• [Assigned task] Among the lines of the records below, copy those that hold the word "disconnects".

• [Records from a data collection]
---------------

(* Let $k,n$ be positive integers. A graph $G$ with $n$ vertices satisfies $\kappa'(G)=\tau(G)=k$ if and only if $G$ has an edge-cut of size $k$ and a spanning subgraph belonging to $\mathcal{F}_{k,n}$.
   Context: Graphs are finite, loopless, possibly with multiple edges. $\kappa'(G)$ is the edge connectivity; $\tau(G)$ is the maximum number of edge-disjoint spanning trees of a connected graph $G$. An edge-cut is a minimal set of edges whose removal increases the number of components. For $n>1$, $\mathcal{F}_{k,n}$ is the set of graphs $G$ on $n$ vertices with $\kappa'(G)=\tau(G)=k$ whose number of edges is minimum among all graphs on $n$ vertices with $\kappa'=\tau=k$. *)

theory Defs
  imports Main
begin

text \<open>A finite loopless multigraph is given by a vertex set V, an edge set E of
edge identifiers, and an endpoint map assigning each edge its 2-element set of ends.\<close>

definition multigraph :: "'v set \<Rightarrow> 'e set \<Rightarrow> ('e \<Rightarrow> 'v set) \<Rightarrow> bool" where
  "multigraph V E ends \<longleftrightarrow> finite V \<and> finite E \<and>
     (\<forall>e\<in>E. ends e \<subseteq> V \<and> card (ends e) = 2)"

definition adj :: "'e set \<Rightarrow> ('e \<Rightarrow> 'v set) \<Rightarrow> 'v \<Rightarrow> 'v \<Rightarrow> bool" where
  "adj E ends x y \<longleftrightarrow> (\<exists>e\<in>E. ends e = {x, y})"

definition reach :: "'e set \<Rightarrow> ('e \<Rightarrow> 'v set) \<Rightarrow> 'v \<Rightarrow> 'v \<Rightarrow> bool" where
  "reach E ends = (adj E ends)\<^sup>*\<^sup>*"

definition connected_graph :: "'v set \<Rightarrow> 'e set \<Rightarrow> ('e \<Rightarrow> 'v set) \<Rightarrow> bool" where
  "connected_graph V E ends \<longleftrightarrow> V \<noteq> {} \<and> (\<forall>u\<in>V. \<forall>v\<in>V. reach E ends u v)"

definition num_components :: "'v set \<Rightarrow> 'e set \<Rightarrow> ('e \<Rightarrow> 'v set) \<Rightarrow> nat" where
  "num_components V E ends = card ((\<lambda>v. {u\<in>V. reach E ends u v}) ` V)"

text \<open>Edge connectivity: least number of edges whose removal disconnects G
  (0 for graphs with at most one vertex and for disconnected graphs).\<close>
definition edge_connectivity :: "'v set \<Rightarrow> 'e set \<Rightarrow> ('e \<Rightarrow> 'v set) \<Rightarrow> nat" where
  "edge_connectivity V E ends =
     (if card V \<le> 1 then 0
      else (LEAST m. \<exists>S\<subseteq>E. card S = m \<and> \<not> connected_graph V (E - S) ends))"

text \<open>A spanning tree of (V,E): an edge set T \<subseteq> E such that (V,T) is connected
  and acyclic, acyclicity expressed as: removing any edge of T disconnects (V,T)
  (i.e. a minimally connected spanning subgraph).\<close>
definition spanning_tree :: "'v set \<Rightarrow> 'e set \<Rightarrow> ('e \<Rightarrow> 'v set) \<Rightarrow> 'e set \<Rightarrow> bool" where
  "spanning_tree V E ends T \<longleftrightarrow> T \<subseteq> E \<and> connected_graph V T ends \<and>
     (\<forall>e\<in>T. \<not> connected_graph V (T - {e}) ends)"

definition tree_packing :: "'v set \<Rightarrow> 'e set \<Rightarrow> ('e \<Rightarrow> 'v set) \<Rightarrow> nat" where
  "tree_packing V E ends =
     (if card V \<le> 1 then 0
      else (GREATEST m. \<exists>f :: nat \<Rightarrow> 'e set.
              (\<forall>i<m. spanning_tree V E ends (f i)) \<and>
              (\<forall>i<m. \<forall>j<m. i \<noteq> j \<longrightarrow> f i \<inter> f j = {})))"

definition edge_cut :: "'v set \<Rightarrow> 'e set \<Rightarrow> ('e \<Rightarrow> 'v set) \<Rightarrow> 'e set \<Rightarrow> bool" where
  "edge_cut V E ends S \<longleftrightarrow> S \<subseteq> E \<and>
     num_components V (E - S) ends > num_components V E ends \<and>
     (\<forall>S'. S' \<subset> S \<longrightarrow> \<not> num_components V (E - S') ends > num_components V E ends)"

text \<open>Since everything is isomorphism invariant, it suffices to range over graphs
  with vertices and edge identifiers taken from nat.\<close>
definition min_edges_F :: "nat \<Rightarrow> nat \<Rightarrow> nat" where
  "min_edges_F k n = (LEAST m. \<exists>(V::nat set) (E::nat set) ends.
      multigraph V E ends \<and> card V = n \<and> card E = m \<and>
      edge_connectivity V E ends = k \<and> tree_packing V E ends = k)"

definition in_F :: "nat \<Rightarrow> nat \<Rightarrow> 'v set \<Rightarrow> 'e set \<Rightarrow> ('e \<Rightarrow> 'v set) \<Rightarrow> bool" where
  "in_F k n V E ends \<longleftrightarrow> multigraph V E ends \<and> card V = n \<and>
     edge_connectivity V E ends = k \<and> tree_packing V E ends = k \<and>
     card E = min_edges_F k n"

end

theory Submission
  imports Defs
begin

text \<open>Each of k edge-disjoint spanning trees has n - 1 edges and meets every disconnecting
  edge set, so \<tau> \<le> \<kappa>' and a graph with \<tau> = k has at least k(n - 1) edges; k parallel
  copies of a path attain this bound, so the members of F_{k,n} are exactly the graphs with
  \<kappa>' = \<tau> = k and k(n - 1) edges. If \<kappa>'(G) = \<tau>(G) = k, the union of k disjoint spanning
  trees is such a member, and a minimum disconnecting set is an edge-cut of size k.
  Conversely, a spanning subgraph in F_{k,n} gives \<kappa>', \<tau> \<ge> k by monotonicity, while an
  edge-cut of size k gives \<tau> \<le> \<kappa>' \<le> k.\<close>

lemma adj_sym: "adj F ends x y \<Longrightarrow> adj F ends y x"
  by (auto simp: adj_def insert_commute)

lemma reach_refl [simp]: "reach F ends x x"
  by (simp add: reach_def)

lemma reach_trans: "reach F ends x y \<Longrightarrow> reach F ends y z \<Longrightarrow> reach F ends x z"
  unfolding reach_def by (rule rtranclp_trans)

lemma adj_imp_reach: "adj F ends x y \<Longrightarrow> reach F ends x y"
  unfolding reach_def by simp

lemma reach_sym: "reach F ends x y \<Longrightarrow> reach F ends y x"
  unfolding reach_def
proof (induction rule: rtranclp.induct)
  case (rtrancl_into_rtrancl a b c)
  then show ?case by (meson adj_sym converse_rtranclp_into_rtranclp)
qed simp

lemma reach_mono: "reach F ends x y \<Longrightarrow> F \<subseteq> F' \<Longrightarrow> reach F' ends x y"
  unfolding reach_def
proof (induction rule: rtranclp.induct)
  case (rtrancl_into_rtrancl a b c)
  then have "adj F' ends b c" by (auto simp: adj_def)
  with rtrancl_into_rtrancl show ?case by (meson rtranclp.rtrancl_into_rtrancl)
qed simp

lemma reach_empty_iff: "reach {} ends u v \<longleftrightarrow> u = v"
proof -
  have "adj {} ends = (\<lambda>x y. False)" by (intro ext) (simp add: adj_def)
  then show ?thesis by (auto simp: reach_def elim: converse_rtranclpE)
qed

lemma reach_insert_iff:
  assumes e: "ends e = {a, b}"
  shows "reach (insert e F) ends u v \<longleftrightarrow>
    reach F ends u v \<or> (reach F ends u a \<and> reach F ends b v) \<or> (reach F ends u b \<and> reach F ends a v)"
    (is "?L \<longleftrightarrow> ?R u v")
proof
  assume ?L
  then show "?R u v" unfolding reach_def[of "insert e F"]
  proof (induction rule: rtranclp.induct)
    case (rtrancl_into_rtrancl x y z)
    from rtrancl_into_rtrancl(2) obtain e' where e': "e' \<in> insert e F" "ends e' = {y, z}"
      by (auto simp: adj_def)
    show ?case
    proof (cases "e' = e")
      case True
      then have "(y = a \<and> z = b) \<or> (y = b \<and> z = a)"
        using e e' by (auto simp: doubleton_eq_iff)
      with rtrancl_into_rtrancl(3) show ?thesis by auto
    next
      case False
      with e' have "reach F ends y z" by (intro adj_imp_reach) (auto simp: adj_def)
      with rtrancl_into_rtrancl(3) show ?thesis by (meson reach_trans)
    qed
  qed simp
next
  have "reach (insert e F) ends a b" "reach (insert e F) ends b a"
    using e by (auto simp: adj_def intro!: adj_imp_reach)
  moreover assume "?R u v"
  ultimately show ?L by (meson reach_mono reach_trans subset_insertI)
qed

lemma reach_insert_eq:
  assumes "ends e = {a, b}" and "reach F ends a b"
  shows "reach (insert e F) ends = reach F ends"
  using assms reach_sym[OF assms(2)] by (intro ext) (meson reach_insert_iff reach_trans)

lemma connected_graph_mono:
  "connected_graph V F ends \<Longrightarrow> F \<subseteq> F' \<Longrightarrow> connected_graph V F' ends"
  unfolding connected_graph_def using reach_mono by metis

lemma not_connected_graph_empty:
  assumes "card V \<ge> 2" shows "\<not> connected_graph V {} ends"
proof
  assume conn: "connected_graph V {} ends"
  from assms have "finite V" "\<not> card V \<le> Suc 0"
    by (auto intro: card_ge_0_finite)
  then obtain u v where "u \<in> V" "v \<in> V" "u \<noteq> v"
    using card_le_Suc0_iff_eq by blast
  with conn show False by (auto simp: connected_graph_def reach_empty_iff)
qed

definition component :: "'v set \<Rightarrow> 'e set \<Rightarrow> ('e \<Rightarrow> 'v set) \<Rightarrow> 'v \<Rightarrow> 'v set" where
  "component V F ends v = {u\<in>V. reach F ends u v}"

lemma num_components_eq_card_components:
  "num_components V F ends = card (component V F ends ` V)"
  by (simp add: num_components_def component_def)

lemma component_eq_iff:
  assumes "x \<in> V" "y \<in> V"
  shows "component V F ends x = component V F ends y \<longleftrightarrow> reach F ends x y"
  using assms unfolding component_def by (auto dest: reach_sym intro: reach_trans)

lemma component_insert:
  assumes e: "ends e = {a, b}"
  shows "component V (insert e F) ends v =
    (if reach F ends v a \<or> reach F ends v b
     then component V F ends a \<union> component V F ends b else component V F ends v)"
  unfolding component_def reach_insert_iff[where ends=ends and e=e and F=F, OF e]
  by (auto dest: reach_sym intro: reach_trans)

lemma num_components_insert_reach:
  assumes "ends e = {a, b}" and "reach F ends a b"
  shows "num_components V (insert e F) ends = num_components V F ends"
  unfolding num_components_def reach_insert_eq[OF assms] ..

---------------

• [Response area]
text \<open>Edge connectivity: least number of edges whose removal disconnects G
  and acyclic, acyclicity expressed as: removing any edge of T disconnects (V,T)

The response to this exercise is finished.